In an Emergency

If you find someone who has overdosed, find out what they have taken, whether they are breathing, and if not, whether they have a pulse. If someone has “nodded off” and doesn’t respond to shaking or their name being called (loudly), they are unconscious and need urgent medical help.


Airway?

1)   Ensure someone calls an ambulance (it’s better to be embarrassed and have a live friend than to be going to a funeral wondering if you could have saved him or her. Ambulance officers are usually very efficient, Non-judgemental people – give them all the help and info they need.

2)   Lay the patient out on the floor (not a mattress)

3)   Check to see if their airway is clogged with vomit or their tongue. Remove any blockage.

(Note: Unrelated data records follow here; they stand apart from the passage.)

lemma floor_sum_add_mult: "floor_sum q (b + c * nvol q) = floor_sum q b + c * sum q UNIV"
proof -
  have "q i * (b + c * nvol q) div nvol q = q i * b div nvol q + q i * c" for i
  proof -
    have "q i * (b + c * nvol q) = q i * b + (q i * c) * nvol q" by (simp add: algebra_simps)
    then show ?thesis using nvol_pos[of q] by simp
  qed
  then show ?thesis
    by (simp add: floor_sum_def sum.distrib sum_distrib_left mult.commute)
qed

lemma floor_sum_le: "floor_sum q b \<le> b"
proof -
  have "nvol q * floor_sum q b = (\<Sum>i\<in>UNIV. nvol q * (q i * b div nvol q))"
    by (simp add: floor_sum_def sum_distrib_left)
  also have "\<dots> \<le> (\<Sum>i\<in>UNIV. q i * b)"
    by (rule sum_mono) (simp add: times_div_less_eq_dividend)
  also have "\<dots> \<le> nvol q * b"
    by (simp add: nvol_def sum_distrib_right[symmetric])
  finally show ?thesis using nvol_pos[of q] by simp
qed

lemma int_add_div_nonneg:
  fixes k x N :: int
  assumes "0 < N" "0 \<le> N * k + x"
  shows "0 \<le> k + x div N"
proof -
  have "0 \<le> (x + k * N) div N"
    using pos_imp_zdiv_nonneg_iff[OF assms(1)] assms(2) by (metis add.commute mult.commute)
  then show ?thesis using assms(1) by simp
qed

(* Shifting k_i by floor(q_i s / N), s = t - sum k, makes all coordinates natural numbers. *)
definition shifted_points :: "('n::finite \<Rightarrow> nat) \<Rightarrow> nat \<Rightarrow> (nat \<times> ('n \<Rightarrow> nat)) set" where
  "shifted_points q t = {(s, u). s + sum u UNIV = t + floor_sum q s}"

lemma sum_int_floor: "(\<Sum>i\<in>UNIV. int (q i * s div nvol q)) = int (floor_sum q s)"
  by (simp add: floor_sum_def)

lemma shift_nonneg:
  assumes "simplex_ineqs q (int t) k"
  shows "0 \<le> k i + int (q i * nat (int t - sum k UNIV) div nvol q)"
proof -
  let ?s = "nat (int t - sum k UNIV)"
  have "int ?s = int t - sum k UNIV"
    using assms by (simp add: simplex_ineqs_def)
  then have "0 \<le> int (nvol q) * k i + int (q i * ?s)"
    using assms unfolding simplex_ineqs_def of_nat_mult by (metis mult.commute)
  then have "0 \<le> k i + int (q i * ?s) div int (nvol q)"
    using nvol_pos[of q] by (intro int_add_div_nonneg) simp_all
  then show ?thesis by (simp only: zdiv_int)
qed

lemma shift_in_shifted_points:
  assumes "simplex_ineqs q (int t) k"
  defines "s \<equiv> nat (int t - sum k UNIV)"
  shows "(s, \<lambda>i. nat (k i + int (q i * s div nvol q))) \<in> shifted_points q t"
proof -
  have "int s = int t - sum k UNIV"
    using assms by (simp add: simplex_ineqs_def)
  moreover have "int (\<Sum>i\<in>UNIV. nat (k i + int (q i * s div nvol q))) = sum k UNIV + int (floor_sum q s)"
    using shift_nonneg[OF assms(1)] by (simp add: s_def sum.distrib sum_int_floor)
  ultimately have "int (s + (\<Sum>i\<in>UNIV. nat (k i + int (q i * s div nvol q)))) = int (t + floor_sum q s)"
    by (simp only: of_nat_add)
  then show ?thesis
    unfolding shifted_points_def of_nat_eq_iff by (simp only: mem_Collect_eq prod.case)
qed

lemma shifted_points_apex:
  assumes "(s, u) \<in> shifted_points q t"
  shows "int t - (\<Sum>i\<in>UNIV. int (u i) - int (q i * s div nvol q)) = int s"
proof -
  have "int (s + sum u UNIV) = int (t + floor_sum q s)"
    using assms by (simp add: shifted_points_def)
  then have "int s + (\<Sum>i\<in>UNIV. int (u i)) = int t + int (floor_sum q s)" by simp
  then show ?thesis unfolding sum_subtractf sum_int_floor by linarith
qed

lemma unshift_simplex_ineqs:
  assumes "(s, u) \<in> shifted_points q t"
  shows "simplex_ineqs q (int t) (\<lambda>i. int (u i) - int (q i * s div nvol q))"
proof -
  have "0 \<le> int (nvol q) * (int (u i) - int (q i * s div nvol q)) + int s * int (q i)" for i
  proof -
    have "int (nvol q) * int (q i * s div nvol q) \<le> int s * int (q i)"
      by (metis of_nat_le_iff of_nat_mult times_div_less_eq_dividend mult.commute)
    moreover have "0 \<le> int (nvol q) * int (u i)" by simp
    ultimately show ?thesis unfolding right_diff_distrib by linarith
  qed
  then show ?thesis
    unfolding simplex_ineqs_def shifted_points_apex[OF assms] by simp
qed

lemma card_simplex_ineqs_eq_shifted_points:
  "card {k. simplex_ineqs q (int t) k} = card (shifted_points q t)"
proof -
  let ?s = "\<lambda>k. nat (int t - sum k UNIV)"
  let ?f = "\<lambda>k. (?s k, \<lambda>i. nat (k i + int (q i * ?s k div nvol q)))"
  let ?g = "\<lambda>(s, u) i. int (u i) - int (q i * s div nvol q)"
  have "bij_betw ?f {k. simplex_ineqs q (int t) k} (shifted_points q t)"
  proof (rule bij_betwI[where g="?g"])
    show "?f \<in> {k. simplex_ineqs q (int t) k} \<rightarrow> shifted_points q t"
      using shift_in_shifted_points by (intro funcsetI) simp
    show "?g \<in> shifted_points q t \<rightarrow> {k. simplex_ineqs q (int t) k}"
    proof
      fix p assume "p \<in> shifted_points q t"
      moreover obtain s u where p: "p = (s, u)" by (cases p)
      ultimately show "?g p \<in> {k. simplex_ineqs q (int t) k}"
        using unshift_simplex_ineqs by (simp only: prod.case mem_Collect_eq)
    qed
    show "?g (?f k) = k" if "k \<in> {k. simplex_ineqs q (int t) k}" for k
    proof
      fix i
      have "0 \<le> k i + int (q i * ?s k div nvol q)"
        using that by (intro shift_nonneg) simp
      then show "?g (?f k) i = k i" by simp
    qed
    show "?f (?g p) = p" if "p \<in> shifted_points q t" for p
    proof -
      obtain s u where p: "p = (s, u)" by (cases p)
      have "int t - (\<Sum>i\<in>UNIV. int (u i) - int (q i * s div nvol q)) = int s"
        by (rule shifted_points_apex) (use that p in simp)
      then show ?thesis using p by simp
    qed
  qed
  then show ?thesis by (rule bij_betw_same_card)
qed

4)   Tilt head back by lifting their chin, opening the airways to the lungs.
Breathing

5)   Check for breathing by crouching down and watching to see if their chest is rising and falling. Be close enough so you can feel or hear any breath.

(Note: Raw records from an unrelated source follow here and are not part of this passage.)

definition srsg_params_complete :: "'a set \<Rightarrow> ('a \<Rightarrow> 'a \<Rightarrow> int) \<Rightarrow> nat \<Rightarrow> nat \<Rightarrow> int \<Rightarrow> int \<Rightarrow> bool" where
  "srsg_params_complete V \<sigma> n r a b \<longleftrightarrow> SRSG V \<sigma> \<and> sg_complete V \<sigma> \<and> card V = n
     \<and> (\<forall>c. srsg_conds V \<sigma> r a b c)"

definition sg_iso :: "'a set \<Rightarrow> ('a \<Rightarrow> 'a \<Rightarrow> int) \<Rightarrow> 'b set \<Rightarrow> ('b \<Rightarrow> 'b \<Rightarrow> int) \<Rightarrow> bool" where
  "sg_iso V1 \<sigma>1 V2 \<sigma>2 \<longleftrightarrow> (\<exists>f. bij_betw f V1 V2 \<and> (\<forall>u\<in>V1. \<forall>v\<in>V1. \<sigma>2 (f u) (f v) = \<sigma>1 u v))"

text \<open>G2: K_6 on {0..5} with negative triangles {0,1,2} and {3,4,5}.\<close>
definition G2_V :: "nat set" where "G2_V = {0..5}"
definition G2_sig :: "nat \<Rightarrow> nat \<Rightarrow> int" where
  "G2_sig u v = (if u \<in> G2_V \<and> v \<in> G2_V \<and> u \<noteq> v
                 then (if (u < 3) = (v < 3) then -1 else 1) else 0)"

text \<open>S^1_12: K_4 (positive) box K_3 (negative) on {1..4} x {1..3}.\<close>
definition S12_V :: "(nat \<times> nat) set" where "S12_V = {1..4} \<times> {1..3}"
definition S12_sig :: "nat \<times> nat \<Rightarrow> nat \<times> nat \<Rightarrow> int" where
  "S12_sig x y = (if x \<in> S12_V \<and> y \<in> S12_V then
     (if snd x = snd y \<and> fst x \<noteq> fst y then 1
      else if fst x = fst y \<and> snd x \<noteq> snd y then -1 else 0) else 0)"

end

theory Submission
  imports Defs
begin

(* Fix a vertex x with positive neighbours p1, p2, p3 and negative neighbours q1, q2.  The
   entries of A^2 from x to its neighbours are linear in the ten signs among p1, ..., q2.  Since
   every row sum of A is 1, A commutes with J, and writing 2 A^2 as a combination of J, I, A and
   |A| shows that A also commutes with |A| unless a + b = 2c.  Together with the degree bounds at
   the neighbours this leaves a finite check whose outcome is a = -4 or
   (a, b) in {(2,-2), (0,0), (0,1), (2,0), (2,1)}; in the last four cases every neighbourhood
   carries the same sign pattern.

   For a = -4 each closed neighbourhood is a K6 with two negative triangles, so a connected graph
   is this K6, and a + b = 2c forces a = -4 through the row-sum identity 3a + 2b + c (n - 6) = -4.
   The cases (2,-2), (0,0), (0,1) and (2,0) are refuted by counting the neighbours among
   p1, ..., q2 of the vertices outside the closed neighbourhood of x.  For (2,1), being equal or
   positively adjacent and being equal or negatively adjacent are equivalence relations with
   classes of sizes 4 and 3, and the pair of classes of a vertex is its coordinate in K4 x K3. *)

section \<open>The signed graphs G2 and S12\<close>

lemma sg_connected_if_complete:
  assumes "sg_complete V \<sigma>" "V \<noteq> {}"
  shows "sg_connected V \<sigma>"
  unfolding sg_connected_def
proof (intro conjI ballI)
  fix u v assume "u \<in> V" "v \<in> V"
  with assms(1) show "(\<lambda>x y. \<sigma> x y \<noteq> 0)\<^sup>*\<^sup>* u v"
    by (cases "u = v") (auto simp: sg_complete_def)
qed (fact assms(2))

lemma card_filter_distinct_list:
  "distinct xs \<Longrightarrow> card {w \<in> set xs. P w} = length (filter P xs)"
  by (metis distinct_card distinct_filter set_filter)

(* The vertex lists are constants so that simp converts sums and counts over G2_V and S12_V
   into list sums before it unfolds the lists themselves. *)
definition G2_vertex_list :: "nat list" where
  "G2_vertex_list = [0, 1, 2, 3, 4, 5]"

lemma G2_V_eq_set: "G2_V = set G2_vertex_list"
  by (auto simp: G2_V_def G2_vertex_list_def)

lemma distinct_G2_vertex_list: "distinct G2_vertex_list"
  by (simp add: G2_vertex_list_def)

lemma G2_sig_eq:
  "G2_sig u v = (if u < 6 \<and> v < 6 \<and> u \<noteq> v then (if (u < 3) = (v < 3) then -1 else 1) else 0)"
  by (auto simp: G2_sig_def G2_V_def)

lemma G2_signed_graph: "signed_graph G2_V G2_sig"
  by (auto simp: signed_graph_def G2_sig_def G2_V_def)

lemma G2_complete: "sg_complete G2_V G2_sig"
  by (auto simp: sg_complete_def G2_sig_def)

lemma G2_card: "card G2_V = 6"
  by (simp add: G2_V_def)

lemma G2_adj_sq:
  "\<forall>i\<in>G2_V. \<forall>j\<in>G2_V. adj_sq G2_V G2_sig i j = (if i = j then 5 else if G2_sig i j = 1 then -4 else 4)"
  unfolding adj_sq_def G2_V_eq_set
  by (simp add: sum.distinct_set_conv_list distinct_G2_vertex_list) (simp add: G2_vertex_list_def G2_sig_eq)

lemma G2_regular: "sg_regular G2_V G2_sig 5"
  unfolding sg_regular_def sg_degree_def G2_V_eq_set
  by (simp add: card_filter_distinct_list distinct_G2_vertex_list) (simp add: G2_vertex_list_def G2_sig_eq)

lemma G2_net_regular: "net_regular G2_V G2_sig 1"
  unfolding net_regular_def net_degree_def G2_V_eq_set
  by (simp add: card_filter_distinct_list distinct_G2_vertex_list) (simp add: G2_vertex_list_def G2_sig_eq)

lemma G2_srsg_conds: "srsg_conds G2_V G2_sig 5 (-4) 4 c"
  using G2_adj_sq G2_complete by (auto simp: srsg_conds_def sg_complete_def G2_sig_def)

lemma G2_SRSG: "SRSG G2_V G2_sig"
proof -
  have "G2_sig 0 1 = -1" "G2_sig 0 3 = 1" "(0::nat) \<in> G2_V" "(1::nat) \<in> G2_V" "(3::nat) \<in> G2_V"
    by (simp_all add: G2_sig_eq G2_V_def)
  then have "\<not> sg_homogeneous G2_V G2_sig" "\<not> sg_edgeless G2_V G2_sig"
    by (force simp: sg_homogeneous_def sg_edgeless_def)+
  then show ?thesis
    using G2_signed_graph G2_srsg_conds[of 0] by (auto simp: SRSG_def)
qed

lemma G2_params: "srsg_params_complete G2_V G2_sig 6 5 (-4) 4"
  using G2_SRSG G2_complete G2_card G2_srsg_conds by (simp add: srsg_params_complete_def)

lemma G2_connected: "sg_connected G2_V G2_sig"
  using G2_complete by (rule sg_connected_if_complete) (simp add: G2_V_def)

definition S12_vertex_list :: "(nat \<times> nat) list" where
  "S12_vertex_list = [(1,1), (1,2), (1,3), (2,1), (2,2), (2,3), (3,1), (3,2), (3,3), (4,1), (4,2), (4,3)]"

lemma S12_V_eq_set: "S12_V = set S12_vertex_list"
proof -
  have "{1..4::nat} = {1,2,3,4}" "{1..3::nat} = {1,2,3}" by auto
  then show ?thesis by (auto simp: S12_V_def S12_vertex_list_def)
qed

lemma distinct_S12_vertex_list: "distinct S12_vertex_list"
  by (simp add: S12_vertex_list_def)

lemma S12_sig_eq:
  "S12_sig (i, j) (k, l) = (if i \<in> {1..4} \<and> j \<in> {1..3} \<and> k \<in> {1..4} \<and> l \<in> {1..3} then
     (if j = l \<and> i \<noteq> k then 1 else if i = k \<and> j \<noteq> l then -1 else 0) else 0)"
  by (simp add: S12_sig_def S12_V_def)

lemma S12_adj_sq:
  "\<forall>i\<in>S12_V. \<forall>j\<in>S12_V. adj_sq S12_V S12_sig i j =
     (if i = j then 5 else if S12_sig i j = 1 then 2 else if S12_sig i j = -1 then 1 else -2)"
  unfolding adj_sq_def S12_V_eq_set
  by (simp add: sum.distinct_set_conv_list distinct_S12_vertex_list) (simp add: S12_vertex_list_def S12_sig_eq)

lemma S12_regular: "sg_regular S12_V S12_sig 5"
  unfolding sg_regular_def sg_degree_def S12_V_eq_set
  by (simp add: card_filter_distinct_list distinct_S12_vertex_list) (simp add: S12_vertex_list_def S12_sig_eq)

lemma S12_net_regular: "net_regular S12_V S12_sig 1"
  unfolding net_regular_def net_degree_def S12_V_eq_set
  by (simp add: card_filter_distinct_list distinct_S12_vertex_list) (simp add: S12_vertex_list_def S12_sig_eq)

lemma S12_card: "card S12_V = 12"
  by (simp add: S12_V_eq_set distinct_S12_vertex_list distinct_card) (simp add: S12_vertex_list_def)

lemma S12_sig_diag: "S12_sig u u = 0"
  by (simp add: S12_sig_def)

lemma S12_signed_graph: "signed_graph S12_V S12_sig"
proof -
  have "S12_sig u v = S12_sig v u" for u v
  proof -
    have "(u \<in> S12_V \<and> v \<in> S12_V) = (v \<in> S12_V \<and> u \<in> S12_V)"
      "(snd u = snd v \<and> fst u \<noteq> fst v) = (snd v = snd u \<and> fst v \<noteq> fst u)"
      "(fst u = fst v \<and> snd u \<noteq> snd v) = (fst v = fst u \<and> snd v \<noteq> snd u)"
      by auto
    then show ?thesis unfolding S12_sig_def by presburger
  qed
  moreover have "S12_sig u v \<in> {-1, 0, 1}" for u v
    by (simp add: S12_sig_def)
  moreover have "S12_sig u v \<noteq> 0 \<Longrightarrow> u \<in> S12_V \<and> v \<in> S12_V" for u v
    by (simp add: S12_sig_def split: if_splits)
  moreover have "finite S12_V" by (simp add: S12_V_def)
  ultimately show ?thesis by (simp add: signed_graph_def S12_sig_diag)
qed

lemma S12_srsg_conds: "srsg_conds S12_V S12_sig 5 2 1 (-2)"
  using S12_adj_sq by (auto simp: srsg_conds_def S12_sig_diag)

lemma S12_not_complete: "\<not> sg_complete S12_V S12_sig"
proof -
  have "S12_sig (1, 1) (2, 2) = 0" "(1, 1) \<in> S12_V" "(2, 2) \<in> S12_V"
    by (simp_all add: S12_sig_eq S12_V_def)
  then show ?thesis by (force simp: sg_complete_def)
qed

lemma S12_SRSG: "SRSG S12_V S12_sig"
proof -
  have "S12_sig (1, 1) (2, 1) = 1" "(1, 1) \<in> S12_V" "(2, 1) \<in> S12_V"
    by (simp_all add: S12_sig_eq S12_V_def)
  then have "\<not> sg_edgeless S12_V S12_sig" by (force simp: sg_edgeless_def)
  then show ?thesis
    using S12_signed_graph S12_not_complete S12_srsg_conds by (auto simp: SRSG_def)
qed

lemma S12_params: "srsg_params S12_V S12_sig 12 5 2 1 (-2)"
  using S12_SRSG S12_not_complete S12_card S12_srsg_conds by (simp add: srsg_params_def)

lemma S12_connected: "sg_connected S12_V S12_sig"
  unfolding sg_connected_def
proof (intro conjI ballI)
  show "S12_V \<noteq> {}" by (simp add: S12_V_def)
  have line: "(\<lambda>x y. S12_sig x y \<noteq> 0)\<^sup>*\<^sup>* u v"
    if "u \<in> S12_V" "v \<in> S12_V" "fst u = fst v \<or> snd u = snd v" for u v
  proof (cases "u = v")
    case False
    then have "S12_sig u v \<noteq> 0" using that by (auto simp: S12_sig_def prod_eq_iff)
    then show ?thesis by auto
  qed simp
  fix u v assume u: "u \<in> S12_V" and v: "v \<in> S12_V"
  then have corner: "(fst u, snd v) \<in> S12_V" by (auto simp: S12_V_def)
  show "(\<lambda>x y. S12_sig x y \<noteq> 0)\<^sup>*\<^sup>* u v"
    using line[OF u corner] line[OF corner v] by (auto intro: rtranclp_trans)
qed

lemma G2_not_iso_S12: "\<not> sg_iso G2_V G2_sig S12_V S12_sig"
  using bij_betw_same_card G2_card S12_card by (fastforce simp: sg_iso_def)

section \<open>Recognising S12 by its sign classes\<close>

definition sign_class :: "('a \<Rightarrow> 'a \<Rightarrow> int) \<Rightarrow> int \<Rightarrow> 'a \<Rightarrow> 'a set" where
  "sign_class \<sigma> e u = {w. w = u \<or> \<sigma> u w = e}"

lemma sign_class_eq_iff:
  assumes sym: "\<And>u v. \<sigma> u v = \<sigma> v u"
    and trans: "\<And>u v w. \<sigma> u v = e \<Longrightarrow> \<sigma> v w = e \<Longrightarrow> u \<noteq> w \<Longrightarrow> \<sigma> u w = e"
  shows "sign_class \<sigma> e u = sign_class \<sigma> e v \<longleftrightarrow> u = v \<or> \<sigma> u v = e"
proof
  assume "sign_class \<sigma> e u = sign_class \<sigma> e v"
  then have "v \<in> sign_class \<sigma> e u" by (simp add: sign_class_def)
  then show "u = v \<or> \<sigma> u v = e" by (auto simp: sign_class_def)
next
  assume "u = v \<or> \<sigma> u v = e"
  then have "w = u \<or> \<sigma> u w = e \<longleftrightarrow> w = v \<or> \<sigma> v w = e" for w
    using sym trans by metis
  then show "sign_class \<sigma> e u = sign_class \<sigma> e v" by (simp add: sign_class_def)
qed

lemma card_sign_classes:
  assumes sg: "signed_graph V \<sigma>" and e: "e \<noteq> 0"
    and trans: "\<And>u v w. \<sigma> u v = e \<Longrightarrow> \<sigma> v w = e \<Longrightarrow> u \<noteq> w \<Longrightarrow> \<sigma> u w = e"
    and deg: "\<And>u. u \<in> V \<Longrightarrow> card {w. \<sigma> u w = e} = d"
  shows "(d + 1) * card (sign_class \<sigma> e ` V) = card V"
proof -
  have fin: "finite V" and sym: "\<And>u v. \<sigma> u v = \<sigma> v u" and diag: "\<And>u. \<sigma> u u = 0"
    and supp: "\<And>u v. \<sigma> u v \<noteq> 0 \<Longrightarrow> v \<in> V"
    using sg unfolding signed_graph_def by blast+
  have eq_iff: "sign_class \<sigma> e u = sign_class \<sigma> e v \<longleftrightarrow> u = v \<or> \<sigma> u v = e" for u v
    using sym trans by (rule sign_class_eq_iff)
  have sub: "sign_class \<sigma> e u \<subseteq> V" if "u \<in> V" for u
    using that supp e by (auto simp: sign_class_def)
  have "(d + 1) * card (sign_class \<sigma> e ` V) = card (\<Union> (sign_class \<sigma> e ` V))"
  proof (rule card_partition)
    show "finite (\<Union> (sign_class \<sigma> e ` V))"
      using sub fin by (meson UN_least finite_subset)
    show "card c = d + 1" if c: "c \<in> sign_class \<sigma> e ` V" for c
    proof -
      obtain u where u: "u \<in> V" "c = sign_class \<sigma> e u" using c by blast
      have "c = insert u {w. \<sigma> u w = e}" "u \<notin> {w. \<sigma> u w = e}"
        using u(2) diag[of u] e by (auto simp: sign_class_def)
      moreover have "finite {w. \<sigma> u w = e}"
        using fin supp e by (metis (mono_tags) finite_subset mem_Collect_eq subsetI)
      ultimately show ?thesis using deg[OF u(1)] by simp
    qed
    show "c1 \<inter> c2 = {}"
      if c: "c1 \<in> sign_class \<sigma> e ` V" "c2 \<in> sign_class \<sigma> e ` V" and ne: "c1 \<noteq> c2" for c1 c2
    proof (rule ccontr)
      assume "c1 \<inter> c2 \<noteq> {}"
      then obtain w where w: "w \<in> c1" "w \<in> c2" by blast
      obtain u v where uv: "c1 = sign_class \<sigma> e u" "c2 = sign_class \<sigma> e v" using c by blast
      have "c1 = sign_class \<sigma> e w" "c2 = sign_class \<sigma> e w"
        using w unfolding uv by (simp_all add: eq_iff) (auto simp: sign_class_def)
      with ne show False by simp
    qed
  qed (use fin in simp)
  also have "\<Union> (sign_class \<sigma> e ` V) = V"
    using sub by (auto simp: sign_class_def)
  finally show ?thesis .
qed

6)   If they have stopped breathing, hold their nose, take a large breath and force air slowly into their chest through their mouth. Repeat once more.
Circulation

7)   Check their pulse - use two fingers. You should be able to find a pulse on either side of the windpipe (feel where it is on yourself if unsure. Do not use your thumb, as there is a pulse in it). If there is even a weak pulse, do not try the next step.

8)   Find where the ribs meet. About three finger widths up from this point, place the ‘heel’ of your palm and your other hand on top of it (see fig.6).


Depress the patient’s chest about 3 - 4 cms. Do this firmly. You are basically trying to jump start circulation by pumping the heart manually. Count “one, one thousand, two, one thousand, three, one thousand” (only to “three”), then depress again.

Repeat 5 times or more, and then give two full breaths, as in step 6. ?If you’re lucky, a pulse may be present. Check and stop. If there is no pulse, continue compressions until the Ambulance Officer or medical professionals arrive.


If you can, attend a St. John’s CPR course. They don’t take long, and it’s a useful and important skill to have.